◆ **YOUR INSTRUCTIONS**
Nothing but the lines from the one containing "(intro gap_of_le_1) auto" through the last line of the entries should appear in the output, each verbatim.

◆ **DATASET ENTRIES**
lemma Gap_le_collected_gap:
  assumes y01: "\<And>t. 0 \<le> y t \<and> y t \<le> 1" and n_pos: "1 \<le> n"
  shows "real n * Gap X y n \<le> (\<Sum>j<n. collected_gap X y N j) + (if nsel X y N < n then real n else 0)"
proof (cases "nsel X y N < n")
  case True
  have "0 \<le> (\<Sum>j<n. collected_gap X y N j)"
    using weighted_sum_collected_gap[of "\<lambda>_. 1"] y01 by (simp add: sum_nonneg)
  moreover have "Gap X y n \<le> 1" unfolding Gap_def using y01 by (intro gap_of_le_1) auto
  then have "real n * Gap X y n \<le> real n" using mult_left_mono[of _ 1 "real n"] by simp
  ultimately have "real n * Gap X y n \<le> (\<Sum>j<n. collected_gap X y N j) + real n" by linarith
  with True show ?thesis by simp
next
  case False
  interpret nth_selection_exists X y n N using n_pos False by unfold_locales auto
  have "real n * Gap X y n = (\<Sum>t\<in>sel_set X y n. 1 - y t)"
    unfolding Gap_def using mult_gap_of[OF finite_sel_set] card_sel_set by simp
  also have "\<dots> = (\<Sum>j<n. collected_gap X y N j)"
    using weighted_sum_collected_gap[of "\<lambda>_. 1"] by (simp add: sel_set_eq_before)
  finally show ?thesis using False by simp
qed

◆ **TASK SOLUTION**
  moreover have "Gap X y n \<le> 1" unfolding Gap_def using y01 by (intro gap_of_le_1) auto
  then have "real n * Gap X y n \<le> real n" using mult_left_mono[of _ 1 "real n"] by simp
  ultimately have "real n * Gap X y n \<le> (\<Sum>j<n. collected_gap X y N j) + real n" by linarith
  with True show ?thesis by simp
next
  case False
  interpret nth_selection_exists X y n N using n_pos False by unfold_locales auto
  have "real n * Gap X y n = (\<Sum>t\<in>sel_set X y n. 1 - y t)"
    unfolding Gap_def using mult_gap_of[OF finite_sel_set] card_sel_set by simp
  also have "\<dots> = (\<Sum>j<n. collected_gap X y N j)"
    using weighted_sum_collected_gap[of "\<lambda>_. 1"] by (simp add: sel_set_eq_before)
  finally show ?thesis using False by simp
qed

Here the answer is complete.